Melamine huh, I thought I read Urethane. I relooked it up, Latex Polymer is the only ingredient listed, other than water. Wonder what I was looking at. Maybe I made up the urethane bit, or maybe its changed. Melamine glue is listed as Polyvinyl acetate, is that the same thing, or were you just saying they were similar products? Curious, because if what you say is true, that sounds like useful information. I'm sure a 5 gallon container of Franklin Melamine glue is cheaper than 5 gallons of green glue.

I don't recall where you said you get your urethane from, but I know any source I've found is expensive. Is it just the urethane for mold pouring and such? Is it a urethane foam (doesn't feel it)?
 
The polyurethane is extremely expensive - yes. Its over $100 a gallon. I use Innovative Polymers (Innovative Polymers, Inc.)

The Melamine glue just looks and acts like the Green glue, but I was not sure of what the ingredients were, just that Green Glue was far too expensive and Melamine glue was quite reasonable and works well. Thats what I would use if I do any wall structures again.

I use polyurethane foam to seal cracks and holes, but not as the CLD layer.
 
How much will a good CLD wall treatment attenuate bass ringing? For example, would it improve my situation? Here is my LF room response as a waterfall plot... The signal decays by about half (in terms of db) in something like 200-300 ms, but some of the modes keep ringing ring for another 300 ms or so.

An externally hosted image should be here but it was not working when we last tested it.
 
While I hate to speak for Dr. Geddes ... pjpoes, it was not specificaly aimed to Dr. Geddes. Thanks for the comments.

... Sounds like they made the CLD wall too stiff. It really has to be quite flimsy to work right - think or a hanging sheet of cloth - very limp. Most often that I have seen people try this technique they make it far too stiff and it kills the effect.

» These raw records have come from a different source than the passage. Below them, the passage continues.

(* Let $M^{n+1}$ have non-negative sectional curvature, let $V$ be a self-adjoint family of Jacobi fields along a geodesic $c:[t_0,t_2]\to M$, let $t_1\in(t_0,t_2)$, and suppose $X\in V$ satisfies on $[t_0,t_1]$ the conditions: (a) $\|X\|(t)\neq0$ and $\|X\|'(t)=0$ for $t=t_0,t_1$; (b) if $Y\in V$ and $\langle X(t_1),Y(t_1)\rangle=0$ then $\langle X(t_0),Y(t_0)\rangle=0$; (c) if $Y\in V$ and $Y(t)=0$ for some $t\in(t_0,t_1)$ then $\langle X(t_0),Y(t_0)\rangle=0$; (d) if $Y\in V$ and $Y(t_0)=0$ then $\langle X'(t_0),Y'(t_0)\rangle=0$. If there exists $Y\in V$ with $Y(t^* )=0$ for some $t^*\in(t_1,t_2]$ and $\langle X(t_0),Y(t_0)\rangle\neq0$, then $X$ is not parallel on $[t_0,t_2]$.
   Context: $c$ is a unit-speed geodesic, $E_t=\dot c(t)^\perp$, $'=\nabla_{\dot c}$. A self-adjoint family of Jacobi fields is an $n$-dimensional vector space $V$ of Jacobi fields along $c$, orthogonal to $\dot c$, with $\langle X',Y\rangle=\langle X,Y'\rangle$ for all $X,Y\in V$. *)

theory Defs
  imports "HOL-Analysis.Analysis"
begin

text \<open>Model along the geodesic c on [a,b]: we identify E_t = (c'(t))^perp with real^'n via a
parallel orthonormal frame (so n = dim M - 1 = CARD('n)).  Covariant differentiation along c
becomes ordinary differentiation, and the curvature endomorphism v |-> R(v, c')c' of E_t becomes
a symmetric matrix Rc t.\<close>

definition cov_deriv :: "real \<Rightarrow> real \<Rightarrow> (real \<Rightarrow> real^'n) \<Rightarrow> real \<Rightarrow> real^'n" where
  "cov_deriv a b Y t = vector_derivative Y (at t within {a..b})"

text \<open>Curvature operator along c: continuous, symmetric, and (non-negative sectional curvature)
positive semidefinite, i.e. K(v, c') |v|^2 = <R(v,c')c', v> >= 0.\<close>
definition curvature_operator_nonneg :: "real \<Rightarrow> real \<Rightarrow> (real \<Rightarrow> real^'n^'n) \<Rightarrow> bool" where
  "curvature_operator_nonneg a b Rc \<longleftrightarrow>
     continuous_on {a..b} Rc \<and>
     (\<forall>t\<in>{a..b}. transpose (Rc t) = Rc t \<and> (\<forall>v. v \<bullet> (Rc t *v v) \<ge> 0))"

definition jacobi_field :: "real \<Rightarrow> real \<Rightarrow> (real \<Rightarrow> real^'n^'n) \<Rightarrow> (real \<Rightarrow> real^'n) \<Rightarrow> bool" where
  "jacobi_field a b Rc Y \<longleftrightarrow>
     (\<forall>t\<in>{a..b}. (Y has_vector_derivative cov_deriv a b Y t) (at t within {a..b}) \<and>
        (cov_deriv a b Y has_vector_derivative (- (Rc t *v Y t))) (at t within {a..b}))"

definition n_dim_space :: "(real \<Rightarrow> real^'n) set \<Rightarrow> bool" where
  "n_dim_space V \<longleftrightarrow>
     (\<exists>bs :: 'n \<Rightarrow> real \<Rightarrow> real^'n.
        V = {(\<lambda>t. \<Sum>i\<in>UNIV. c i *\<^sub>R bs i t) | c. True} \<and>
        (\<forall>c. (\<lambda>t. \<Sum>i\<in>UNIV. c i *\<^sub>R bs i t) = (\<lambda>t. 0) \<longrightarrow> (\<forall>i. c i = 0)))"

definition self_adjoint_family ::
  "real \<Rightarrow> real \<Rightarrow> (real \<Rightarrow> real^'n^'n) \<Rightarrow> (real \<Rightarrow> real^'n) set \<Rightarrow> bool" where
  "self_adjoint_family a b Rc V \<longleftrightarrow>
     n_dim_space V \<and> (\<forall>Y\<in>V. jacobi_field a b Rc Y) \<and>
     (\<forall>X\<in>V. \<forall>Y\<in>V. \<forall>t\<in>{a..b}. cov_deriv a b X t \<bullet> Y t = X t \<bullet> cov_deriv a b Y t)"

definition parallel_on :: "real \<Rightarrow> real \<Rightarrow> (real \<Rightarrow> real^'n) \<Rightarrow> bool" where
  "parallel_on a b X \<longleftrightarrow> (\<forall>t\<in>{a..b}. cov_deriv a b X t = 0)"

end

theory Submission
  imports Defs
begin

text \<open>Along a self-adjoint family the derivative of \<open>\<langle>X, Y\<rangle>\<close> is \<open>2\<langle>X', Y\<rangle>\<close>, so if \<open>X\<close> is
  parallel then \<open>\<langle>X, Y\<rangle>\<close> is constant for every \<open>Y \<in> V\<close>.  A field \<open>Y \<in> V\<close> vanishing at some
  \<open>t\<^sup>* > t\<^sub>1\<close> then forces \<open>\<langle>X(t\<^sub>0), Y(t\<^sub>0)\<rangle> = \<langle>X(t\<^sup>*), Y(t\<^sup>*)\<rangle> = 0\<close>.\<close>

lemma has_vector_derivative_inner:
  fixes X Y :: "real \<Rightarrow> 'a::real_inner"
  assumes "(X has_vector_derivative X') (at t within S)"
    and "(Y has_vector_derivative Y') (at t within S)"
  shows "((\<lambda>s. X s \<bullet> Y s) has_real_derivative (X t \<bullet> Y' + X' \<bullet> Y t)) (at t within S)"
proof -
  have "((\<lambda>s. X s \<bullet> Y s) has_derivative (\<lambda>h. X t \<bullet> (h *\<^sub>R Y') + (h *\<^sub>R X') \<bullet> Y t))
      (at t within S)"
    using assms unfolding has_vector_derivative_def by (rule has_derivative_inner)
  moreover have "(\<lambda>h. X t \<bullet> (h *\<^sub>R Y') + (h *\<^sub>R X') \<bullet> Y t) = (*) (X t \<bullet> Y' + X' \<bullet> Y t)"
    by (simp add: fun_eq_iff algebra_simps)
  ultimately show ?thesis
    unfolding has_field_derivative_def by simp
qed

lemma self_adjoint_family_inner_derivative:
  assumes "self_adjoint_family a b Rc V" and "X \<in> V" and "Y \<in> V" and "t \<in> {a..b}"
  shows "((\<lambda>s. X s \<bullet> Y s) has_real_derivative 2 * (cov_deriv a b X t \<bullet> Y t)) (at t within {a..b})"
proof -
  have "(X has_vector_derivative cov_deriv a b X t) (at t within {a..b})"
    and "(Y has_vector_derivative cov_deriv a b Y t) (at t within {a..b})"
    using assms unfolding self_adjoint_family_def jacobi_field_def by blast+
  then have deriv: "((\<lambda>s. X s \<bullet> Y s) has_real_derivative
      X t \<bullet> cov_deriv a b Y t + cov_deriv a b X t \<bullet> Y t) (at t within {a..b})"
    by (rule has_vector_derivative_inner)
  have "cov_deriv a b X t \<bullet> Y t = X t \<bullet> cov_deriv a b Y t"
    using assms unfolding self_adjoint_family_def by blast
  then have "X t \<bullet> cov_deriv a b Y t + cov_deriv a b X t \<bullet> Y t = 2 * (cov_deriv a b X t \<bullet> Y t)"
    by linarith
  with deriv show ?thesis
    by (simp only:)
qed

lemma parallel_inner_constant:
  assumes "self_adjoint_family a b Rc V" and "X \<in> V" and "Y \<in> V" and "parallel_on a b X"
    and "s \<in> {a..b}" and "t \<in> {a..b}"
  shows "X s \<bullet> Y s = X t \<bullet> Y t"
proof -
  have deriv_zero: "((\<lambda>s. X s \<bullet> Y s) has_real_derivative 0) (at u within {a..b})"
    if u: "u \<in> {a..b}" for u
  proof -
    have "cov_deriv a b X u = 0"
      using assms(4) u unfolding parallel_on_def by blast
    then show ?thesis
      using self_adjoint_family_inner_derivative[OF assms(1-3) u] by simp
  qed
  obtain k where "\<forall>u\<in>{a..b}. X u \<bullet> Y u = k"
    using has_field_derivative_zero_constant[OF convex_real_interval(5) deriv_zero] by blast
  then show ?thesis
    using assms(5,6) by metis
qed

theorem proposition3p3:
  fixes Rc :: "real \<Rightarrow> real^'n^'n" and V :: "(real \<Rightarrow> real^'n) set"
    and X :: "real \<Rightarrow> real^'n" and t0 t1 t2 :: real
  assumes curv: "curvature_operator_nonneg t0 t2 Rc"
    and V: "self_adjoint_family t0 t2 Rc V"
    and t01: "t0 < t1" and t12: "t1 < t2"
    and XV: "X \<in> V"
    and a: "\<forall>t\<in>{t0, t1}. X t \<noteq> 0 \<and>
              ((\<lambda>s. norm (X s)) has_real_derivative 0) (at t within {t0..t2})"
    and b: "\<forall>Y\<in>V. X t1 \<bullet> Y t1 = 0 \<longrightarrow> X t0 \<bullet> Y t0 = 0"
    and c: "\<forall>Y\<in>V. (\<exists>t\<in>{t0<..<t1}. Y t = 0) \<longrightarrow> X t0 \<bullet> Y t0 = 0"
    and d: "\<forall>Y\<in>V. Y t0 = 0 \<longrightarrow> cov_deriv t0 t2 X t0 \<bullet> cov_deriv t0 t2 Y t0 = 0"
    and ex: "\<exists>Y\<in>V. (\<exists>ts\<in>{t1<..t2}. Y ts = 0) \<and> X t0 \<bullet> Y t0 \<noteq> 0"
  shows "\<not> parallel_on t0 t2 X"
proof
  assume par: "parallel_on t0 t2 X"
  from ex obtain Y ts where YV: "Y \<in> V" and ts: "ts \<in> {t1<..t2}" and "Y ts = 0"
    and "X t0 \<bullet> Y t0 \<noteq> 0" by blast
  have "t0 \<in> {t0..t2}" "ts \<in> {t0..t2}"
    using ts t01 t12 by auto
  then have "X t0 \<bullet> Y t0 = X ts \<bullet> Y ts"
    by (rule parallel_inner_constant[OF V XV YV par])
  with \<open>Y ts = 0\<close> \<open>X t0 \<bullet> Y t0 \<noteq> 0\<close> show False
    by simp
qed

end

Yes. The stiffness seems too strong. That is why I have questioned if damping 0.4 is even better than nothing.
I asked workers to do CLD wall with half of studs (every 4' not 2'). I told them that I don't mind the cracks in joints between boards. Didn't help.
For design I have used empiric formula (found in A.Everest book) Fo= (1/2*pi)*SQRT(ro*c*c/m/d) and for center frequency about 50Hz and double 1/2'' gypsum board gives me 3'' gap. Gap was filled with 40mm glass insulation. Maybe it was not a good idea according to Toole's book. Because it softens resonance of the wall therefore the efficiency. Unfortunately I read it later.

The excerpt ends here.